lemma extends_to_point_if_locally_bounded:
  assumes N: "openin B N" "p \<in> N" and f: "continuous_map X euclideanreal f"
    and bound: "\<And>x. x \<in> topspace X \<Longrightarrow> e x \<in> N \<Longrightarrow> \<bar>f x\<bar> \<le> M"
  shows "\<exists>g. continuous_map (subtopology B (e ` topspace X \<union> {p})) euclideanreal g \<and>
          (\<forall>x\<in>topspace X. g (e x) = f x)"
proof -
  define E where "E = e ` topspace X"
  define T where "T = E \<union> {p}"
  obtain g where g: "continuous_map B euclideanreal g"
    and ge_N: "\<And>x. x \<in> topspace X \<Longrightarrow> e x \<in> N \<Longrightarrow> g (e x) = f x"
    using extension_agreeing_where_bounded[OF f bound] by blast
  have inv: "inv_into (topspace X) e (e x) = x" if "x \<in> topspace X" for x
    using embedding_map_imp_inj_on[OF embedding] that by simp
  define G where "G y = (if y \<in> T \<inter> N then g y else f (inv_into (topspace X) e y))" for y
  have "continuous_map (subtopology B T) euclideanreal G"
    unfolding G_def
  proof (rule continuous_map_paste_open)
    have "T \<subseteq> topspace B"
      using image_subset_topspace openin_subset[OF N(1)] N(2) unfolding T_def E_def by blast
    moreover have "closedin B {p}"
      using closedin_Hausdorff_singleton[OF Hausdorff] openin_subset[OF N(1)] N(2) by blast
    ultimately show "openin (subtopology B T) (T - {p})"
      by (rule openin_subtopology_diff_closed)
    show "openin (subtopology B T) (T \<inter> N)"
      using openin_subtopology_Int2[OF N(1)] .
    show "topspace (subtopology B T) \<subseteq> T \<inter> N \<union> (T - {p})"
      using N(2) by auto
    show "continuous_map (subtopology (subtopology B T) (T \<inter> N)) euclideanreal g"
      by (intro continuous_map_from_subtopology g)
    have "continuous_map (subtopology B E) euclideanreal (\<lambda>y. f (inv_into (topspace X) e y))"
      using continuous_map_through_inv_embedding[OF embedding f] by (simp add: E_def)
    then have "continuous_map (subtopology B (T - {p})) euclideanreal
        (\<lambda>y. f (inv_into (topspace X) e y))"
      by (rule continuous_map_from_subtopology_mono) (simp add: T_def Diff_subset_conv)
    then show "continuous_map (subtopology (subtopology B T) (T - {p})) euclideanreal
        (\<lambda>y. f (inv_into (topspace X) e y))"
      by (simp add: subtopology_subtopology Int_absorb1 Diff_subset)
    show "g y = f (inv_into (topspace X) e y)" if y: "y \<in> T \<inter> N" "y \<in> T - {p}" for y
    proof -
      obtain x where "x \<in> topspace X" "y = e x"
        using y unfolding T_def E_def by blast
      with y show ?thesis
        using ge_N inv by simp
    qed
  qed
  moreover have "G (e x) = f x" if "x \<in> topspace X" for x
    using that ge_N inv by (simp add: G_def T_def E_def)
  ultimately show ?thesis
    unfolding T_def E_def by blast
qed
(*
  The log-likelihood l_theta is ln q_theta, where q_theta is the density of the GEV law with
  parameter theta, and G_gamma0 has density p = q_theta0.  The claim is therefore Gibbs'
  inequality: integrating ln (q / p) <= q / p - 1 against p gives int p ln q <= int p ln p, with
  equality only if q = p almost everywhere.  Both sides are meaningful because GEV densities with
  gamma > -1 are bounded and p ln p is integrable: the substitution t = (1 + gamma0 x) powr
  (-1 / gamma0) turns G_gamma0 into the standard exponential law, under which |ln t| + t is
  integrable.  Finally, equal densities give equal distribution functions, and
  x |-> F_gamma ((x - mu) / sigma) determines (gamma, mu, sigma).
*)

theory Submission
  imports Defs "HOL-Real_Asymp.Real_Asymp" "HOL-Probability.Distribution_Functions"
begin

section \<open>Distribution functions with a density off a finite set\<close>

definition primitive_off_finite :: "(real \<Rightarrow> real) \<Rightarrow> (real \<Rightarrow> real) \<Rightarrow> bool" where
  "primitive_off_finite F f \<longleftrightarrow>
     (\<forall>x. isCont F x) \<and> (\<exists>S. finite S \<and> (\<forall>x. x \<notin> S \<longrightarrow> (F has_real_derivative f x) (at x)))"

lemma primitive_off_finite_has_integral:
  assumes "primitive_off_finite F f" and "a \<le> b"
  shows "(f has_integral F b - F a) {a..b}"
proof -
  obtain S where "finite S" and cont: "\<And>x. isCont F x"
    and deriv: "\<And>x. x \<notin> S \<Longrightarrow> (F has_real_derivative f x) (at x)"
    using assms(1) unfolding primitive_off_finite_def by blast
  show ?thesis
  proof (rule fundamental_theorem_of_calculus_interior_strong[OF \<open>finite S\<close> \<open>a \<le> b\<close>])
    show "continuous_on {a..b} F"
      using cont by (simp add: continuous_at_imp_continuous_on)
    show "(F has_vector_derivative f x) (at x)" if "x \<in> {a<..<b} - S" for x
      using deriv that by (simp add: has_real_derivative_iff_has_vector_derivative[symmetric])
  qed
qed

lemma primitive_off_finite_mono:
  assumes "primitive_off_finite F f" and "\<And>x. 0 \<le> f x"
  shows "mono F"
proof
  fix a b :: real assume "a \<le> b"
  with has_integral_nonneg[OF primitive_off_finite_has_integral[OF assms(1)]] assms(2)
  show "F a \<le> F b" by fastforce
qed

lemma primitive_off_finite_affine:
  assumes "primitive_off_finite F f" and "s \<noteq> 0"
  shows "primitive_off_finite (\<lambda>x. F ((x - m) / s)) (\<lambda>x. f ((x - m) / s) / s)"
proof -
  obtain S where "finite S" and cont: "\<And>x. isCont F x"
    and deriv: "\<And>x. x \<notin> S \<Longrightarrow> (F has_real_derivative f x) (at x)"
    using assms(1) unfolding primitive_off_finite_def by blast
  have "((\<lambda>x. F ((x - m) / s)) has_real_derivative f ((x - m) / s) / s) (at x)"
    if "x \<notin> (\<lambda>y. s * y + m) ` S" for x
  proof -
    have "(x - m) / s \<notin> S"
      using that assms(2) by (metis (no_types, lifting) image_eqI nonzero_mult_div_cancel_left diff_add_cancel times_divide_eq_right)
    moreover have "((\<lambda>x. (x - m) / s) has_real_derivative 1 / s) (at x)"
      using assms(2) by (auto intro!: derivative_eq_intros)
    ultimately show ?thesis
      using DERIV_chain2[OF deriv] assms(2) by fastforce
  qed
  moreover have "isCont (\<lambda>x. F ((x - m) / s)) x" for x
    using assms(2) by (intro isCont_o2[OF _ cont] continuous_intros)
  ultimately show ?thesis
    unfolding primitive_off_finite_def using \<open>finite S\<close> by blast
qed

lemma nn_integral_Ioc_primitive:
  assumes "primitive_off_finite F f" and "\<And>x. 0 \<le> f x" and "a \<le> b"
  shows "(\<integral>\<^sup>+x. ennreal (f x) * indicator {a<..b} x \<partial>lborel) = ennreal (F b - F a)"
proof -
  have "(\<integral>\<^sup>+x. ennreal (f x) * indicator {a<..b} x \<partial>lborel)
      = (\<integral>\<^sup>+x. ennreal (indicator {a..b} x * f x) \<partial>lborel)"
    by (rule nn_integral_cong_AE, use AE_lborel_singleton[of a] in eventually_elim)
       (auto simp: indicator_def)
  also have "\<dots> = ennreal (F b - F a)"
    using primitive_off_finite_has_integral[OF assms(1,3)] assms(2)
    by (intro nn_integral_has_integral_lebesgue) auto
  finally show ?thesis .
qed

····················

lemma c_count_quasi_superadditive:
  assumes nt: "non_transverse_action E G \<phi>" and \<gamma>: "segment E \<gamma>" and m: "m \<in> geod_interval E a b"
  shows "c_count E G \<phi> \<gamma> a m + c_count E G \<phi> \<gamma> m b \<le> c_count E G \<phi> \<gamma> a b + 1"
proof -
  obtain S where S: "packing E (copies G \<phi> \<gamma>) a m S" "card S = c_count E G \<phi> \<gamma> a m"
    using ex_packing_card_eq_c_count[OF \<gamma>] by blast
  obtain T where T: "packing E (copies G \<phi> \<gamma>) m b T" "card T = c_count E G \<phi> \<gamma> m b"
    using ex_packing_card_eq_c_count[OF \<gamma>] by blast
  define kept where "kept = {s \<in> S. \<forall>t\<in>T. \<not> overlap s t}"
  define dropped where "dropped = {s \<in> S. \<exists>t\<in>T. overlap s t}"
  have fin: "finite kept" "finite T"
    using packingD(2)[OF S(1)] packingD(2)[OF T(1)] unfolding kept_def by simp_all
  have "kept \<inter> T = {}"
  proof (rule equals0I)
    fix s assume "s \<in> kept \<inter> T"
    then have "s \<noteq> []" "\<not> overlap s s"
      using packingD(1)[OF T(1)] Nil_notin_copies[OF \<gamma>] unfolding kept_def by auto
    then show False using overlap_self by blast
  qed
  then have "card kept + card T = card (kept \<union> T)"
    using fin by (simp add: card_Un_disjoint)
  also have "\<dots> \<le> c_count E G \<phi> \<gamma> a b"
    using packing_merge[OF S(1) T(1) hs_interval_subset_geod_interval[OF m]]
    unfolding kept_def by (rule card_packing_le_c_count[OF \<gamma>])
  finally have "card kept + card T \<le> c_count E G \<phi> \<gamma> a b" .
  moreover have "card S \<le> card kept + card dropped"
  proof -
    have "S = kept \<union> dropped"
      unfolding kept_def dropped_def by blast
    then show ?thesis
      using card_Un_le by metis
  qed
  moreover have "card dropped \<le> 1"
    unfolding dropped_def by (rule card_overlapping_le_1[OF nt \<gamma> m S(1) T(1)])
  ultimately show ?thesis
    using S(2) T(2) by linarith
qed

····················

* **TASK TO CARRY OUT**
All lines in the listing above from the line containing "obtain g where" to the line containing "using that ge_N", inclusive, should be retyped exactly; no other lines should appear.

* **RESULT FOR THIS TASK**
  obtain g where g: "continuous_map B euclideanreal g"
    and ge_N: "\<And>x. x \<in> topspace X \<Longrightarrow> e x \<in> N \<Longrightarrow> g (e x) = f x"
    using extension_agreeing_where_bounded[OF f bound] by blast
  have inv: "inv_into (topspace X) e (e x) = x" if "x \<in> topspace X" for x
    using embedding_map_imp_inj_on[OF embedding] that by simp
  define G where "G y = (if y \<in> T \<inter> N then g y else f (inv_into (topspace X) e y))" for y
  have "continuous_map (subtopology B T) euclideanreal G"
    unfolding G_def
  proof (rule continuous_map_paste_open)
    have "T \<subseteq> topspace B"
      using image_subset_topspace openin_subset[OF N(1)] N(2) unfolding T_def E_def by blast
    moreover have "closedin B {p}"
      using closedin_Hausdorff_singleton[OF Hausdorff] openin_subset[OF N(1)] N(2) by blast
    ultimately show "openin (subtopology B T) (T - {p})"
      by (rule openin_subtopology_diff_closed)
    show "openin (subtopology B T) (T \<inter> N)"
      using openin_subtopology_Int2[OF N(1)] .
    show "topspace (subtopology B T) \<subseteq> T \<inter> N \<union> (T - {p})"
      using N(2) by auto
    show "continuous_map (subtopology (subtopology B T) (T \<inter> N)) euclideanreal g"
      by (intro continuous_map_from_subtopology g)
    have "continuous_map (subtopology B E) euclideanreal (\<lambda>y. f (inv_into (topspace X) e y))"
      using continuous_map_through_inv_embedding[OF embedding f] by (simp add: E_def)
    then have "continuous_map (subtopology B (T - {p})) euclideanreal
        (\<lambda>y. f (inv_into (topspace X) e y))"
      by (rule continuous_map_from_subtopology_mono) (simp add: T_def Diff_subset_conv)
    then show "continuous_map (subtopology (subtopology B T) (T - {p})) euclideanreal
        (\<lambda>y. f (inv_into (topspace X) e y))"
      by (simp add: subtopology_subtopology Int_absorb1 Diff_subset)
    show "g y = f (inv_into (topspace X) e y)" if y: "y \<in> T \<inter> N" "y \<in> T - {p}" for y
    proof -
      obtain x where "x \<in> topspace X" "y = e x"
        using y unfolding T_def E_def by blast
      with y show ?thesis
        using ge_N inv by simp
    qed
  qed
  moreover have "G (e x) = f x" if "x \<in> topspace X" for x
    using that ge_N inv by (simp add: G_def T_def E_def)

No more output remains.